An in vitro evaluation of the degree of pulp tissue dissolution through different root canal irrigation protocols.

AIM: The aim of this study is to evaluate in vitro, using artificial lateral canals, the rate of dissolution of the pulp tissue through different protocols of canal irrigation.
MATERIALS AND METHODS: One hundred artificial canals provided with lateral canals have been used. Each lateral canal was filled with pulp tissue and calibrated to 0.002 mg. All canals were irrigated using five different protocols. Five groups have been used for the experiment: Group A, distilled water (control); Group B, preheated NaOCl; Group C, NaOCl heated inside the canal; Group D, NaOCl ultrasonically activated; and Group E, NaOCl heated inside the canal with ultrasonic activation. All samples were weighed through professional microbalance in three different phases: before insertion of the pulp tissue into the lateral canal, after insertion of the pulp tissue and, finally, after different protocols of irrigation. A statistical analysis with Kruskal-Wallis test and Mann-Whitney test was performed.
RESULTS: The partial dissolution of the pulp tissue inside the artificial lateral canal occurs only using the protocol with NaOCl heated inside the canal with ultrasonic activation. Other irrigation protocols are not able to dissolve the pulp tissue. DISCUSSION AND
CONCLUSIONS: The main objective of endodontic therapy is the removal of damaged tissues and bacteria. Modern literature highlights that it is impossible to remove all the pulp tissues and bacteria from the whole endodontic space. Hence, to achieve excellence and get positive results in the short and long term, it is necessary to use techniques and technologies that may increase the degree of root canal detersion.

INTRODUCTION

The goal of root canal treatment consists of the complete removal of all the damaged tissues and bacteria and their toxins, from the complex radicular system.[1] The endodontic space should not be considered in a single dimension, the main canal, but it must be considered as a complex of structures and ramifications on three dimensions [Figures 1 and 2].[23]

Figure 1

First lower premolar root apex. The complexity of the endodontic space is shown

Figure 2

Mandibular central incisor root apex. At high magnification (×150), the presence of a double loop with connections between them is shown

In addition to the main canal, there are several configurations organized to complete it: lateral canals, loops, isthmus, delta, and ramifications. Lateral canals could be of different sizes and leave from the main canal at different heights. The loops are small extensions that are detached from the main canal and then reconnected to the same.[4] The isthmuses are the connections between the two main canals. The apical delta is a doubling of the main canal at the level of the apical third. The ramifications are microscopic extensions of the main canal and they can be positioned at any height. This complexity, sometimes, may be inside the main canal.[56]

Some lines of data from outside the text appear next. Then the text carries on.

(* Let $L=\sum_{k=1}^m P_{n_k}$ be a linear forest and $n$ a positive integer. If $L\in\operatorname{obs}(P_n)$, then: (1) $m_1\le 1$; (2) $n_k\in\{1,2,4,6\}$ for all $k\in\{1,\dots,m\}$; (3) if $n_k\in\{4,6\}$ for some $k$, then $m_1=1$.
   Context: All graphs are finite, simple and loopless. $P_n$ denotes the path on $n$ vertices ($P_1=K_1$, $P_2=K_2$). A linear forest is a disjoint union of paths; $\sum_{k=1}^m P_{n_k}$ denotes the linear forest whose $k$-th component is the path on $n_k$ vertices, and $m_i$ denotes the number of indices $k$ with $n_k=i$. A full-homomorphism $\varphi\colon G\to H$ is a map $V(G)\to V(H)$ such that for all $x,y\in V(G)$, $xy\in E(G)$ if and only if $\varphi(x)\varphi(y)\in E(H)$. A full $H$-colouring of $G$ is a full-homomorphism $G\to H$. A minimal $H$-obstruction is a graph $G$ that admits no full $H$-colouring while every proper induced subgraph of $G$ admits one; $\operatorname{obs}(H)$ denotes the set of minimal $H$-obstructions (up to isomorphism). *)

theory Defs
  imports Main
begin

text \<open>A graph is a pair (V, E) of a vertex set and an adjacency relation
  (symmetric, irreflexive for all graphs considered here).\<close>
type_synonym 'a graph = "'a set \<times> ('a \<Rightarrow> 'a \<Rightarrow> bool)"

definition verts :: "'a graph \<Rightarrow> 'a set" where "verts G = fst G"
definition adj :: "'a graph \<Rightarrow> 'a \<Rightarrow> 'a \<Rightarrow> bool" where "adj G = snd G"
lemma egf_at_des_poly_exp: "egf_at des_poly t = fps_exp 1 * egf_at derangement_poly t"
proof (rule fps_ext)
  fix n
  have "egf_at des_poly t $ n
      = (\<Sum>k\<le>n. of_nat (n choose k) * of_int (poly (derangement_poly (n - k)) t)) / fact n"
    by (simp add: des_poly_eq_exc_poly exc_poly_binomial_derangement_poly poly_sum)
  also have "\<dots> = (\<Sum>k\<le>n. 1 / fact k * (of_int (poly (derangement_poly (n - k)) t) / fact (n - k)))"
    by (simp add: sum_divide_distrib binomial_fact field_simps)
  also have "\<dots> = (fps_exp 1 * egf_at derangement_poly t) $ n"
    by (simp add: fps_mult_nth atLeast0AtMost)
  finally show "egf_at des_poly t $ n = (fps_exp 1 * egf_at derangement_poly t) $ n" .
qed

lemma egf_at_des_poly_deriv:
  fixes t :: int
  defines "c \<equiv> real_of_int t" and "F \<equiv> egf_at des_poly t"
  shows "fps_deriv F = fps_const c * F\<^sup>2 + fps_const (1 - c) * F"
proof (rule fps_ext)
  fix n
  let ?a = "\<lambda>k. real_of_int (poly (des_poly k) t)"
  have "?a (Suc n)
      = (\<Sum>k\<le>n. of_nat (n choose k) * (?a k * (if k = n then 1 else c * ?a (n - k))))"
    by (simp add: c_def des_poly_Suc_convolution poly_sum poly_monom if_distrib[of "\<lambda>p. poly p t"]
        if_distrib[of real_of_int] cong: if_cong)
  also have "\<dots> = (\<Sum>k\<le>n. c * (of_nat (n choose k) * (?a k * ?a (n - k)))
                     + (if k = n then (1 - c) * ?a n else 0))"
    by (intro sum.cong) (auto simp: des_poly_0 algebra_simps)
  finally have rec: "?a (Suc n) = c * (\<Sum>k\<le>n. of_nat (n choose k) * (?a k * ?a (n - k))) + (1 - c) * ?a n"
    by (simp add: sum.distrib sum_distrib_left)
  have "fps_deriv F $ n = ?a (Suc n) / fact n"
    by (simp add: F_def field_simps del: of_nat_Suc)
  also have "\<dots> = c * (\<Sum>k\<le>n. ?a k / fact k * (?a (n - k) / fact (n - k))) + (1 - c) * (?a n / fact n)"
    unfolding rec
    by (simp add: add_divide_distrib sum_divide_distrib binomial_fact field_simps sum_distrib_left)
  also have "\<dots> = (fps_const c * F\<^sup>2 + fps_const (1 - c) * F) $ n"
  proof -
    have "(F\<^sup>2) $ n = (\<Sum>k\<le>n. ?a k / fact k * (?a (n - k) / fact (n - k)))"
      by (simp add: F_def power2_eq_square fps_mult_nth atLeast0AtMost)
    then show ?thesis by (simp add: F_def)
  qed
  finally show "fps_deriv F $ n = (fps_const c * F\<^sup>2 + fps_const (1 - c) * F) $ n" .
qed
(* Let $\Gamma$ be a symmetric, folded, idempotent family of Boolean promise relations such that $\operatorname{Maj}_L\notin\operatorname{poly}(\Gamma)$ for some odd positive integer $L$. Then there is a promise relation $(P,Q)$ with $\operatorname{poly}(\Gamma)\subseteq\operatorname{poly}(P,Q)$ of one of the following two forms: either $P=\operatorname{Ham}_k(\{(k+1)/2\})$, $Q=\operatorname{Ham}_k(\{0,1,\dots,k-1\})$ for some odd $k\ge 3$; or $P=\operatorname{Ham}_k(\{1,k\})$, $Q=\operatorname{Ham}_k(\{0,1,\dots,k\}\setminus\{b\})$ for some $k\ge 3$ and $b\in\{2,\dots,k-1\}$.
   Context: Domain $\{0,1\}$. A promise relation is a pair $(P,Q)$ with $P\subseteq Q\subseteq\{0,1\}^k$. $f:\{0,1\}^L\to\{0,1\}$ is a weak polymorphism of $(P,Q)$ if for all $x^{(1)},\dots,x^{(L)}\in P$, $(f(x^{(1)}_1,\dots,x^{(L)}_1),\dots,f(x^{(1)}_k,\dots,x^{(L)}_k))\in Q$; $\operatorname{poly}(\Gamma)$ is the set of functions that are weak polymorphisms of every member of $\Gamma$. $\Gamma$ is symmetric if every relation appearing in it is invariant under coordinate permutations; folded if each $f\in\operatorname{poly}(\Gamma)$ satisfies $f(\bar x)=\neg f(x)$; idempotent if each $f\in\operatorname{poly}(\Gamma)$ satisfies $f(0,\dots,0)=0$, $f(1,\dots,1)=1$. $\operatorname{Ham}_k(S)=\{x\in\{0,1\}^k:|x|\in S\}$ where $|x|$ is the Hamming weight. For odd $L$, $\operatorname{Maj}_L(x)=1$ iff $\sum_i x_i>L/2$. *)

theory Defs
  imports "HOL-Combinatorics.Permutations"
begin

text \<open>Boolean tuples are lists of bool (False = 0, True = 1).
 A function f : {0,1}^L -> {0,1} is a function on bool lists, only evaluated on lists of length L.\<close>

type_synonym promise_rel = "nat \<times> bool list set \<times> bool list set"

definition wf_promise_rel :: "promise_rel \<Rightarrow> bool" where
  "wf_promise_rel R = (case R of (k, P, Q) \<Rightarrow> P \<subseteq> Q \<and> Q \<subseteq> {x. length x = k})"

definition weak_poly :: "promise_rel \<Rightarrow> nat \<Rightarrow> (bool list \<Rightarrow> bool) \<Rightarrow> bool" where
  "weak_poly R L f = (case R of (k, P, Q) \<Rightarrow>
     (\<forall>x :: nat \<Rightarrow> bool list. (\<forall>i<L. x i \<in> P) \<longrightarrow>
        map (\<lambda>j. f (map (\<lambda>i. x i ! j) [0..<L])) [0..<k] \<in> Q))"

definition in_poly :: "promise_rel set \<Rightarrow> nat \<Rightarrow> (bool list \<Rightarrow> bool) \<Rightarrow> bool" where
  "in_poly \<Gamma> L f = (1 \<le> L \<and> (\<forall>R\<in>\<Gamma>. weak_poly R L f))"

These spaces, well known in the literature, cannot be reached by common manual and rotary files. During the step of mechanical shaping, some of these anatomies are removed, but the remaining hidden areas remain untouched, so residual biofilms can accumulate and act as a potential source of infection leading to treatment failure. In addition to these endodontic anatomies, another challenge in the root canal cleaning are the dentinal tubules, microscopic structures easily inhabitant by bacteria.[78]

Following chemomechanical preparation, a smear layer 1–2-mm-thick is formed and it covers the walls of the root canal. It consists of inorganic dentin debris and organic substances containing fragments of odontoblastic processes, microorganisms, their byproducts, and necrotic pulp tissues.[9] This smear layer is responsible for harboring remnants of necrotic pulp tissues along with biofilms.[1011]

In addition, the smear layer could inhibit penetration of the root canal irrigation solutions and medicaments into dentinal tubules. Moreover, it has been betokened that abstraction of the smear layer may increase the bond strength of filling material to canal walls.[12]

Finally, during endodontic treatments, inside the root canal, gaseous blocks could be formed, defined vapor lock, which can compromise the detersion phase, if not removed. This can occur because these gaseous blocks can prevent the contact of irrigating with tissues and/or bacteria.[913]

The irrigation of the root canal is an essential procedure in the endodontic treatment for the abstraction of the smear layer. Currently, the alternate utilization of sodium hypochlorite and ethylenediaminetetraacetic acid (EDTA) irrigants is recommended to abstract both the inorganic and organic components of the smear layer.

The action mechanism of sodium hypochlorite is well known and well-known are its antibacterial action characteristics and dissolution of vital and necrotic organic tissues, although its action is reduced on vital tissues.[814]

The traditional irrigation, with a simple or endodontic needle, does not allow irrigant to reach the three-dimensional anatomy. Through activation, on the other hand, the irrigants are able to flow in the different lateral anatomies [Figure 3].[23]

Figure 3

Lower incisor irrigated with radiopaque solution. (a) Irrigation with traditional needle with diameter of 0.70 mm; (b and c) irrigation with endodontic needle with diameter of 0.30 mm; (d) irrigation with endodontic needle and ultrasonic activation

There are several techniques of irrigant activation, the most commonly used techniques are the subsonic sonic and ultrasonic activation, and preheating of the irrigant at 50°C. Recently, an improved technique to activate and maximize the characteristics of sodium hypochlorite has been proposed, the controlled heating technique, directly inside the root canal.

Iandolo et al. showed how sodium hypochlorite preheated to 50°C, 60°C, and 70°C and inserted into the root canal stabilizes at body temperature in a few seconds and in the apical and medium third never exceeds 40°C. Sodium hypochlorite at boiling temperature is capable of breaking up the pulp tissue at a speed of about 210 times higher compared to the same irrigant at room temperature.[15]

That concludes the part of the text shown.